• **The task**: Using the listing below, print exactly everything from the line with "y) \<in> (E \<inter> S" down to the line with "S) \<subseteq> map_prod", both included, and nothing more.

• **Data to examine**:
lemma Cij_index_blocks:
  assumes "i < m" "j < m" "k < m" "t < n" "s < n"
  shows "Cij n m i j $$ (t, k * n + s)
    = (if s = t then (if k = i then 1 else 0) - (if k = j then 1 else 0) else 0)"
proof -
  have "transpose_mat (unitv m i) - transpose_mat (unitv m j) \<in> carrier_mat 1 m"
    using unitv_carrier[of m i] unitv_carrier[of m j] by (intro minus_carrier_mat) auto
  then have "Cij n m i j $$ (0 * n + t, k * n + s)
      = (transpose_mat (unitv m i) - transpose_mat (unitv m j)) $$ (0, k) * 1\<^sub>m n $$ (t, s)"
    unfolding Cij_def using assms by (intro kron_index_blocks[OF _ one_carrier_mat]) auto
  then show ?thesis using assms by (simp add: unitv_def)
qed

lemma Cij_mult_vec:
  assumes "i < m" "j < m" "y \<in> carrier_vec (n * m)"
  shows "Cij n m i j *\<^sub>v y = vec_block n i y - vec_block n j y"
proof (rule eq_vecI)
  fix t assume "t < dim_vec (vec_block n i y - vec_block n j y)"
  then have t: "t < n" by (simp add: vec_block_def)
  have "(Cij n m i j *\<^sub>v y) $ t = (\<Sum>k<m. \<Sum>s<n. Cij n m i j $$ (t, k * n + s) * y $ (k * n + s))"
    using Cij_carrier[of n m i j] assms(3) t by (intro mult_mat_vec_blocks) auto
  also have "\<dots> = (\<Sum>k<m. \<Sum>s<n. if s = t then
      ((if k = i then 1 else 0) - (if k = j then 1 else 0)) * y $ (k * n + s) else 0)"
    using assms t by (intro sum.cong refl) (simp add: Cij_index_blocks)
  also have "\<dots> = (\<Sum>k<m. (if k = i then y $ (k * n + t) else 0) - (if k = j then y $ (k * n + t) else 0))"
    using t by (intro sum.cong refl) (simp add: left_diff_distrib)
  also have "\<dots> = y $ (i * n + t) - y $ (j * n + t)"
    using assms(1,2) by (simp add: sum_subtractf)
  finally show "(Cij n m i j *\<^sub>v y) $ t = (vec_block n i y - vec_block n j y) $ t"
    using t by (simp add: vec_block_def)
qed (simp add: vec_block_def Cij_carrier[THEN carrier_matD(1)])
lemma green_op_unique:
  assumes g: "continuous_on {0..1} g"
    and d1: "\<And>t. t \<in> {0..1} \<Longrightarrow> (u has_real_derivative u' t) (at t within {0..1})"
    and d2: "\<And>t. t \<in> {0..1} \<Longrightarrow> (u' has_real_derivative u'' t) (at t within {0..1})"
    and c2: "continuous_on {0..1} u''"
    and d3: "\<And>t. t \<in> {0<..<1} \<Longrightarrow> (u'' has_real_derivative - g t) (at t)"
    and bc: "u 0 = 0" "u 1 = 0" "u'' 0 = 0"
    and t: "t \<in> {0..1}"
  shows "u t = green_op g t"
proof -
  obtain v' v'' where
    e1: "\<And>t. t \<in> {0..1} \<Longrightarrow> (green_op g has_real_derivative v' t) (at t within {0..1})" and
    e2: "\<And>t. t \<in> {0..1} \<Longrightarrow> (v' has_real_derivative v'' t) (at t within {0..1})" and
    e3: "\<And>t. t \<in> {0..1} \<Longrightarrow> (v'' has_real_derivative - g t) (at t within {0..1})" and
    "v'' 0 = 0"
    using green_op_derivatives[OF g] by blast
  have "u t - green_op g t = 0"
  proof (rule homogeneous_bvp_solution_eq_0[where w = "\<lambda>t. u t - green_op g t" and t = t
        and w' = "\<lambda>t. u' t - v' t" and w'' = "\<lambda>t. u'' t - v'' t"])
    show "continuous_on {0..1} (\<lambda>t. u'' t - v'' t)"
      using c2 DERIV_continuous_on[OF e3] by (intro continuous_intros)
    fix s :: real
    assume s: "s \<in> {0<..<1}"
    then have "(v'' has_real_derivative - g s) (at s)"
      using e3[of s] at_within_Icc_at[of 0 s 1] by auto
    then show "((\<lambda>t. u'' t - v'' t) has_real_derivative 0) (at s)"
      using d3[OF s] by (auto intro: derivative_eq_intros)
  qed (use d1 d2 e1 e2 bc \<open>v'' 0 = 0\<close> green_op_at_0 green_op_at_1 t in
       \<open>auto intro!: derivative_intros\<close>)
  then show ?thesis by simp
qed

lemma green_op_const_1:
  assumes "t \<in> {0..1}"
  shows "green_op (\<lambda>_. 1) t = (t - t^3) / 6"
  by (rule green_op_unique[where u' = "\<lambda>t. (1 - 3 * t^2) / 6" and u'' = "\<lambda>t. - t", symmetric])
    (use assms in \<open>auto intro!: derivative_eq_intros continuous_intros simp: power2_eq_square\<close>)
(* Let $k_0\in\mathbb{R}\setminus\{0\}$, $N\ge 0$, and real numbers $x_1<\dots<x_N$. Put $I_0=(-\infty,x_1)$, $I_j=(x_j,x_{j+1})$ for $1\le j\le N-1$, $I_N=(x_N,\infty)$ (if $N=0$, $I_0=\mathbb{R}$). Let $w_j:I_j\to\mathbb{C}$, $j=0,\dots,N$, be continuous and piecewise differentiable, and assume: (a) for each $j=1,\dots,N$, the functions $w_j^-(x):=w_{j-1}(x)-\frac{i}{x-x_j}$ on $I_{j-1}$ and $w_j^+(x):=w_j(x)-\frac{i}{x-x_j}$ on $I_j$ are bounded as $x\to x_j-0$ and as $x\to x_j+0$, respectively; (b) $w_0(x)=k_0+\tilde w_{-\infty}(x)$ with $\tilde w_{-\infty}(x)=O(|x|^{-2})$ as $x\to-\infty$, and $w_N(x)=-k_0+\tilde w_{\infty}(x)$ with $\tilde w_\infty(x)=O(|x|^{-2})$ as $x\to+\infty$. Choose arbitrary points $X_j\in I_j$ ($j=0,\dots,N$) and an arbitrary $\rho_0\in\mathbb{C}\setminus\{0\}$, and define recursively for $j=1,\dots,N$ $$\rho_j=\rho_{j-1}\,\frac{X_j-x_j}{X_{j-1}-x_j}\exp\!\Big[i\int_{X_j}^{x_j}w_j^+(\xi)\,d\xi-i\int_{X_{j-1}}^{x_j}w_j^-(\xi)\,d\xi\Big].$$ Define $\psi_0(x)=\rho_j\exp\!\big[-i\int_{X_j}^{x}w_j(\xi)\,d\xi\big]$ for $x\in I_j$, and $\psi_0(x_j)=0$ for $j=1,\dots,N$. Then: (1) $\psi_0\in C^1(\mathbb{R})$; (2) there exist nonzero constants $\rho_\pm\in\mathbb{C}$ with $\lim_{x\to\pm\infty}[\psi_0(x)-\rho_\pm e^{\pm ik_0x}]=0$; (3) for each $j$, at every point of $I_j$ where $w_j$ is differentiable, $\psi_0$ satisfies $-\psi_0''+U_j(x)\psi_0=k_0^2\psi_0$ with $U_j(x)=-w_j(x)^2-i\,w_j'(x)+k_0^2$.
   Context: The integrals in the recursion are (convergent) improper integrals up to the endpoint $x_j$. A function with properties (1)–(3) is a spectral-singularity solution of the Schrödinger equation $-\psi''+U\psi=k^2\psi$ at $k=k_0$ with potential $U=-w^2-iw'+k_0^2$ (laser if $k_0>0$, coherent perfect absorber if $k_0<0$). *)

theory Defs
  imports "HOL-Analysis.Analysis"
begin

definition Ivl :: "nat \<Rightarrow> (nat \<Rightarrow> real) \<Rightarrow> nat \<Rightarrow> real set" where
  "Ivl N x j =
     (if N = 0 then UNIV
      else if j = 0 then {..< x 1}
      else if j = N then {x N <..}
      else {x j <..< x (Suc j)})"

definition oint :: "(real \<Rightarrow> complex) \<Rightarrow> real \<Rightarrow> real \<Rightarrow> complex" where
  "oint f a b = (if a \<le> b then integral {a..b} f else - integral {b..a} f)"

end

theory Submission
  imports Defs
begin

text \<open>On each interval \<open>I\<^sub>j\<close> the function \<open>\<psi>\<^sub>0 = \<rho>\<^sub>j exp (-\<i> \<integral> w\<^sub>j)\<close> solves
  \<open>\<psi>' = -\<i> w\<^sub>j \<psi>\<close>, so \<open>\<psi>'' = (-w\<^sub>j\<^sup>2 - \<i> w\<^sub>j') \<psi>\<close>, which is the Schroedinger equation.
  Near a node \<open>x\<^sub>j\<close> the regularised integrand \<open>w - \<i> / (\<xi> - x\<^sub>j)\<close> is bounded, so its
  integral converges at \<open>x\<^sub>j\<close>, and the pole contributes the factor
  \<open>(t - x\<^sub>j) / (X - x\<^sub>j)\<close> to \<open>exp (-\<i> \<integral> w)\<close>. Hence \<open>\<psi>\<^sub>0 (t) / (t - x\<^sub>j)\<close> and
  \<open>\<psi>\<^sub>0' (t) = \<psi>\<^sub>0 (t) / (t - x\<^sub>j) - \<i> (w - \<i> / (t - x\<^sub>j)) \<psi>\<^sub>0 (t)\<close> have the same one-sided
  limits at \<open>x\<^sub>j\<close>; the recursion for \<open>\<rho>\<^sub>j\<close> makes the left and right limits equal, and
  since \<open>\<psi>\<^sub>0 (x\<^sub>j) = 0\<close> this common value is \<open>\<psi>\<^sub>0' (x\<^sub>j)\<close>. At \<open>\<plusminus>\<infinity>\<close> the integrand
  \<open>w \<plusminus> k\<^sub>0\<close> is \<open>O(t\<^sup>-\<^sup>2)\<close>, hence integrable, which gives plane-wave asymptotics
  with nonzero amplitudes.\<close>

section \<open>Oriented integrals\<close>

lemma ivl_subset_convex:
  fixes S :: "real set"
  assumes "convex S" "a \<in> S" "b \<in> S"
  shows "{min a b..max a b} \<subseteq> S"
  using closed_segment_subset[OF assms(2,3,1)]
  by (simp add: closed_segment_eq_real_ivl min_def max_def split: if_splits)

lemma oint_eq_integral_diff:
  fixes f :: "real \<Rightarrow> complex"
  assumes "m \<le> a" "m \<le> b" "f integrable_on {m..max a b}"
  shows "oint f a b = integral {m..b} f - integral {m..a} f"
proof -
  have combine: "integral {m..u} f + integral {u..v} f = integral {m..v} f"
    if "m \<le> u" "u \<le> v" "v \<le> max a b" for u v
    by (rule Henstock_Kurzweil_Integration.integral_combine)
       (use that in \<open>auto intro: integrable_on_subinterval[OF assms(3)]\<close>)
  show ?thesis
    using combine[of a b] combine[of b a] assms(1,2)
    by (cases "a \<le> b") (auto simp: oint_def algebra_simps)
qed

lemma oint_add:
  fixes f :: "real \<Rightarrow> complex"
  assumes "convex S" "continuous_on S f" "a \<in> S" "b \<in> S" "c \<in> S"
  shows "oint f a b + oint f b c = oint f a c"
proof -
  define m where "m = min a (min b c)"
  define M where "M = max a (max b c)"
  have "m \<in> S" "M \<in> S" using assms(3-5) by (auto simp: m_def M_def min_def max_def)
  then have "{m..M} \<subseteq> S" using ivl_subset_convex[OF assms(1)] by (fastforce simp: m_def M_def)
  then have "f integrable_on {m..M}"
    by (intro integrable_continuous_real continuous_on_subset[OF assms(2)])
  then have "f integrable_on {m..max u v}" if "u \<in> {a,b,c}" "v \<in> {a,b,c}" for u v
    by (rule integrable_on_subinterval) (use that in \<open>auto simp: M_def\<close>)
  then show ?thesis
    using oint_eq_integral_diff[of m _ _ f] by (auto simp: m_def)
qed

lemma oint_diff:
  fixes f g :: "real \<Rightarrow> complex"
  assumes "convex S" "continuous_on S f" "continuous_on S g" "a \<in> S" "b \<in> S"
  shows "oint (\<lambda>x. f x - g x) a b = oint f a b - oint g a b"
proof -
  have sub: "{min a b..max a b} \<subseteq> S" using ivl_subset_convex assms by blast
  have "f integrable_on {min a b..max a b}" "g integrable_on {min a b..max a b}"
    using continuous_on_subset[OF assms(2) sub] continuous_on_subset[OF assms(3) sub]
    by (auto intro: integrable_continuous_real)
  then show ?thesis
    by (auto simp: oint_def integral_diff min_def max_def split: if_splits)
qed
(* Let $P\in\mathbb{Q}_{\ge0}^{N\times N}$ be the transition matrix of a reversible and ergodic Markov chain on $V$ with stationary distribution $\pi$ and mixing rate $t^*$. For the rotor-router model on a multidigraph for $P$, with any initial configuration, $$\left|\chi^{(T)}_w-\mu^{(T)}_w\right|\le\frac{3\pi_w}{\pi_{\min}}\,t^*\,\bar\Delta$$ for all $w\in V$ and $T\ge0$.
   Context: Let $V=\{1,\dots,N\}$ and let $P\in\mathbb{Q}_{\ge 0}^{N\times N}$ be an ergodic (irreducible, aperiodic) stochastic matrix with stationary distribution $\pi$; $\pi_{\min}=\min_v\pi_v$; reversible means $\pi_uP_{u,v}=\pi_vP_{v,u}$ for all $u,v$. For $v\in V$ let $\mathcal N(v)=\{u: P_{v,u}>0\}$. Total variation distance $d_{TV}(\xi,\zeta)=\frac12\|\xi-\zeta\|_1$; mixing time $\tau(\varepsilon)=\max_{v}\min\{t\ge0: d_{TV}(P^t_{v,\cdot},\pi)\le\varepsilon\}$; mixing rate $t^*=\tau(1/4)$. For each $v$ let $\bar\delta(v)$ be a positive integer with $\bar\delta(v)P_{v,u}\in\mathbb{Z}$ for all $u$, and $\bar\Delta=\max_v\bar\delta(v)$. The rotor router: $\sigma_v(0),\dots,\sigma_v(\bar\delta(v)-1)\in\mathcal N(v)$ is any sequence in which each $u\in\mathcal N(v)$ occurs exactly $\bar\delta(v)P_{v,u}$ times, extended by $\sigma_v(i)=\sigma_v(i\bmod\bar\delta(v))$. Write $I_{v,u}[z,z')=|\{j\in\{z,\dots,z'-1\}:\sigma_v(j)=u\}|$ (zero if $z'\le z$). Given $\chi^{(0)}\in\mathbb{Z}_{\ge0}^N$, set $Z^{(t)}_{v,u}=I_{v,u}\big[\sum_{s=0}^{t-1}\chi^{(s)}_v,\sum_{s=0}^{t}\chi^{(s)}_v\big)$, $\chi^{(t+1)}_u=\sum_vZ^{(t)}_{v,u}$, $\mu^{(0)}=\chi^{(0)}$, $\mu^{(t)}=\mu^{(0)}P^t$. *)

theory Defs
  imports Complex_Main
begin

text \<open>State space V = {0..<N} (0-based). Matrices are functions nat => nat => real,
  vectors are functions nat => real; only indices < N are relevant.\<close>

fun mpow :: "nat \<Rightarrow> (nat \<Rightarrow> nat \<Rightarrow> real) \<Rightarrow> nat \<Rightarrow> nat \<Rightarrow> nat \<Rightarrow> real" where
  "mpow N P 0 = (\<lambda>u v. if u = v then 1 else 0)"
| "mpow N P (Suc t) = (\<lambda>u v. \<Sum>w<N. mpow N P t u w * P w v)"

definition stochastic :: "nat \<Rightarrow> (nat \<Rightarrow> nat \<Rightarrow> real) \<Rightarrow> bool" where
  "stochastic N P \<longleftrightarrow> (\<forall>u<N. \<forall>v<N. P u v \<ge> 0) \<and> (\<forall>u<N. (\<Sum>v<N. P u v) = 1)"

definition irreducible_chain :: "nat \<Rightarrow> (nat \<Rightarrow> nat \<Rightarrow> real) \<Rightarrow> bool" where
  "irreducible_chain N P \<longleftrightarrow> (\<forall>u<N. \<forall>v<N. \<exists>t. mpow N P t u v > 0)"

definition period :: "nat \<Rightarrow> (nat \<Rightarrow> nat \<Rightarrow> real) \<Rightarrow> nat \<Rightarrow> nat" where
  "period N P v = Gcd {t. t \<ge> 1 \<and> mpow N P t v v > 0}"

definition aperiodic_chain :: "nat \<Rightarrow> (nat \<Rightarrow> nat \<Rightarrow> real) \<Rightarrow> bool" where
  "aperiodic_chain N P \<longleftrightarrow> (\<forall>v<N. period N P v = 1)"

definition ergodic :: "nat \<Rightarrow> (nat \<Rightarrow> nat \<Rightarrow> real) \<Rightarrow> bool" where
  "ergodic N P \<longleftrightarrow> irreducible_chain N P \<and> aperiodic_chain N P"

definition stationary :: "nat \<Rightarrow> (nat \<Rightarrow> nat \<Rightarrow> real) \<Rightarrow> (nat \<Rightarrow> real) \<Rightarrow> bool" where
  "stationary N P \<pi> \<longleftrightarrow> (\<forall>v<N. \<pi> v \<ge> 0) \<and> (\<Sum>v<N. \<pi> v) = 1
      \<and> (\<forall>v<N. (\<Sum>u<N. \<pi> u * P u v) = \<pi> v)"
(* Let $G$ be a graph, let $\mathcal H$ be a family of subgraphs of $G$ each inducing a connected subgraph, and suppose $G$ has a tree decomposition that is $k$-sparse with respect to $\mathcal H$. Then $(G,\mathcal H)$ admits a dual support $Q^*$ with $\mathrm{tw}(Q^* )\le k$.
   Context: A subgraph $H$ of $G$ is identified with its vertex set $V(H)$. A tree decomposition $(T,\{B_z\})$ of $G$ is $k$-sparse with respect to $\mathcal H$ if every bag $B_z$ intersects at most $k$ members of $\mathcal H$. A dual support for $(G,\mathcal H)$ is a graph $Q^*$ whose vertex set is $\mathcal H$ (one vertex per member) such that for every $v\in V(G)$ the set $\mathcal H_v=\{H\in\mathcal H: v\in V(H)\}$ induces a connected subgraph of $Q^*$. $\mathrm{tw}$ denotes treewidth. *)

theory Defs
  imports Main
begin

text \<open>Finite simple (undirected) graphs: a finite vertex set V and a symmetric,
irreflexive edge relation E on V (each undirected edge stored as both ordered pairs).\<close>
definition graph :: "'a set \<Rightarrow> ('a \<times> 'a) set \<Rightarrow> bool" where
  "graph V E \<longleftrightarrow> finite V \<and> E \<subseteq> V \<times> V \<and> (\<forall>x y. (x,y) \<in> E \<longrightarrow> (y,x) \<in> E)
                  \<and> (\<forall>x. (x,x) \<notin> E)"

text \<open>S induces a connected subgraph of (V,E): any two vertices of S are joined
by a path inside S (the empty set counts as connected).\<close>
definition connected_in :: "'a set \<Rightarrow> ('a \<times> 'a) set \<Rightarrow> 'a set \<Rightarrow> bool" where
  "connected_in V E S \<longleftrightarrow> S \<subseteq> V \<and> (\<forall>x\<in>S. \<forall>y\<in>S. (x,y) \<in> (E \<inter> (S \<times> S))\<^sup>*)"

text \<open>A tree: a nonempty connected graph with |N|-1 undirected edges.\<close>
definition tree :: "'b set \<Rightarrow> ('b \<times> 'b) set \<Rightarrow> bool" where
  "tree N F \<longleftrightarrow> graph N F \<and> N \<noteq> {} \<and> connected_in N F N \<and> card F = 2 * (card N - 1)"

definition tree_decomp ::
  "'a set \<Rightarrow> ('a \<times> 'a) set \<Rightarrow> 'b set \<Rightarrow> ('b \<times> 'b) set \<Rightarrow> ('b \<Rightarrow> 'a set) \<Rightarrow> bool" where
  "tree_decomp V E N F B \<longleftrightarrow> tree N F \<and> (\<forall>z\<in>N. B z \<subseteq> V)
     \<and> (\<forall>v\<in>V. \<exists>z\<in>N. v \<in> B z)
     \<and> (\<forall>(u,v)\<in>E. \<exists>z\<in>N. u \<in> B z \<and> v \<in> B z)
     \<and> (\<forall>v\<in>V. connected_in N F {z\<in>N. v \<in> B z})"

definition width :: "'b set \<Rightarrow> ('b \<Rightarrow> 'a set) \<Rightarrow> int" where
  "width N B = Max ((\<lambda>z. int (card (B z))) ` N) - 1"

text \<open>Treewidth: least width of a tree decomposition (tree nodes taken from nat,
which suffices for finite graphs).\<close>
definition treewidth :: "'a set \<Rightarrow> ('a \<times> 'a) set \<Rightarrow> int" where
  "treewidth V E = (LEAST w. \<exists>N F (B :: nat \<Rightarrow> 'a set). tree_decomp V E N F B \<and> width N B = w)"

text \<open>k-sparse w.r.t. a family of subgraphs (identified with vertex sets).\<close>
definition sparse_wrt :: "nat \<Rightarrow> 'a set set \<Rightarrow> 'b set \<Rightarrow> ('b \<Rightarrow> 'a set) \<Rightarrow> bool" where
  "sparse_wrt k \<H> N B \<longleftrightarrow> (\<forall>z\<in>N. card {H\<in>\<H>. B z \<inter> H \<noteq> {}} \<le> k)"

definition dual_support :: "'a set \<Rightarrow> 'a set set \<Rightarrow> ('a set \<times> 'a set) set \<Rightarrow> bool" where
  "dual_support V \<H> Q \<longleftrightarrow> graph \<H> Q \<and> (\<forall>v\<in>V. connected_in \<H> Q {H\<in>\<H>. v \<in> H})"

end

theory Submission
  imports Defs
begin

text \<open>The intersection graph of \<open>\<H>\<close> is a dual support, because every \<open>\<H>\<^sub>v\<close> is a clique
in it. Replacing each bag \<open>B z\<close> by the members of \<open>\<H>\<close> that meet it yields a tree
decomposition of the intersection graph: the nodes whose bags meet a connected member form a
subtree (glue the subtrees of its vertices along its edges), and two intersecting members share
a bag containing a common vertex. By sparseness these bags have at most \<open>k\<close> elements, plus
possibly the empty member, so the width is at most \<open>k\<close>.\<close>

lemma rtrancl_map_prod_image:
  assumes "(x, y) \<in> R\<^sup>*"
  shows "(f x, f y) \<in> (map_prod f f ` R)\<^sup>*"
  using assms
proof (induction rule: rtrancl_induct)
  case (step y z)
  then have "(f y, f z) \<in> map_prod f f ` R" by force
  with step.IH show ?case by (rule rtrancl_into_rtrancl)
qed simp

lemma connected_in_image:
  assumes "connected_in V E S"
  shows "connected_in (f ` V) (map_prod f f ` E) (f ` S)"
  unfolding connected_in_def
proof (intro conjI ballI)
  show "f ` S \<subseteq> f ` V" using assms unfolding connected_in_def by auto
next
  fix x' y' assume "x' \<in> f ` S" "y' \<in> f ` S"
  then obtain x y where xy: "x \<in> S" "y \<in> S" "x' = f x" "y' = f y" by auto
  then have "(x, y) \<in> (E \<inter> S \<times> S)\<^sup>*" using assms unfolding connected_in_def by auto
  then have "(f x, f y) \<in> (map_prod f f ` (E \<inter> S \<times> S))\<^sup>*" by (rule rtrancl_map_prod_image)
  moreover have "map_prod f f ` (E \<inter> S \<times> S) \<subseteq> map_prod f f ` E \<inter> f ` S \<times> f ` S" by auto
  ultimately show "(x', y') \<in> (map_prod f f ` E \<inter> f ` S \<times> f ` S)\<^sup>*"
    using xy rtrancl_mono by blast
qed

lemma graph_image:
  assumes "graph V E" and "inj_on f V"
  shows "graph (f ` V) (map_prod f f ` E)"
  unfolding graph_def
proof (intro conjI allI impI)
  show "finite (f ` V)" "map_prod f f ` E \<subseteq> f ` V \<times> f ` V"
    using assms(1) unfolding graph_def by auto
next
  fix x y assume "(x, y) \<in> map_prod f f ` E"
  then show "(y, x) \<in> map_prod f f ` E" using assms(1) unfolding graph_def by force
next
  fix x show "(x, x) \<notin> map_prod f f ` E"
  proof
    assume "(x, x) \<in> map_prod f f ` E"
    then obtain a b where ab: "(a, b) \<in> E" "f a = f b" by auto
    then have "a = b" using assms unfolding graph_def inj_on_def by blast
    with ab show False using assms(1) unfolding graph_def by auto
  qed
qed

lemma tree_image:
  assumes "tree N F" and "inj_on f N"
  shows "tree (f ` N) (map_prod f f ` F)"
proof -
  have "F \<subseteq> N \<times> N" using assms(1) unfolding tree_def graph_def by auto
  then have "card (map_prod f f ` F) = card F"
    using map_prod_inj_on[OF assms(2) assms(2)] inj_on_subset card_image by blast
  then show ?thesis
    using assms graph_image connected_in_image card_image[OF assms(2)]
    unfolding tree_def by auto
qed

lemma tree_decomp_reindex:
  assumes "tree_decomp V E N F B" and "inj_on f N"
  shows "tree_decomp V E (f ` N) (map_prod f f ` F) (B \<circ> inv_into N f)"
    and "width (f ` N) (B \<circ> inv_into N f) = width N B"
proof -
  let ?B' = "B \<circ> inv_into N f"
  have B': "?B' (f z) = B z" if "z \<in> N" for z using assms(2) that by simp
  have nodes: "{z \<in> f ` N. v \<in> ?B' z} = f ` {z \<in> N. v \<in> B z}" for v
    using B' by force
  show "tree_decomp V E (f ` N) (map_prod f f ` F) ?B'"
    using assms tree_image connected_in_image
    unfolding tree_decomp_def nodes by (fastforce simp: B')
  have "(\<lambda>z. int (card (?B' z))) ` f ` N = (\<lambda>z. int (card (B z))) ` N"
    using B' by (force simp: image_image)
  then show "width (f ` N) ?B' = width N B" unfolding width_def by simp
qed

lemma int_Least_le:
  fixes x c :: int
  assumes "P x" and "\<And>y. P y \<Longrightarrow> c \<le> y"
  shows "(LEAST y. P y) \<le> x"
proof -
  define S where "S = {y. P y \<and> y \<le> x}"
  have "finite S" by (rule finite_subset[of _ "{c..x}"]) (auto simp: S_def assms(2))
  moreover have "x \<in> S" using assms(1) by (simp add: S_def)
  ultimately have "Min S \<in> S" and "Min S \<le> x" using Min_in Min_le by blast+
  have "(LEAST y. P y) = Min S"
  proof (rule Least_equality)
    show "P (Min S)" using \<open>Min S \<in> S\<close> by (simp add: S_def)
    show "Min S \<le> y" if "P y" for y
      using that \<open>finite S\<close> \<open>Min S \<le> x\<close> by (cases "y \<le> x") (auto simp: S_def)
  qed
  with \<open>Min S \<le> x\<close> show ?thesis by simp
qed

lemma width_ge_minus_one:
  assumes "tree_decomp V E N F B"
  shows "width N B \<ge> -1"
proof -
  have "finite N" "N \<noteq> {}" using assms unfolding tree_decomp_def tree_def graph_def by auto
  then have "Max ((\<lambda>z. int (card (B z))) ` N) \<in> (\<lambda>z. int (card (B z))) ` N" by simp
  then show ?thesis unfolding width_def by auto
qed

• **Answer for this exercise**:
  then have "(x, y) \<in> (E \<inter> S \<times> S)\<^sup>*" using assms unfolding connected_in_def by auto
  then have "(f x, f y) \<in> (map_prod f f ` (E \<inter> S \<times> S))\<^sup>*" by (rule rtrancl_map_prod_image)
  moreover have "map_prod f f ` (E \<inter> S \<times> S) \<subseteq> map_prod f f ` E \<inter> f ` S \<times> f ` S" by auto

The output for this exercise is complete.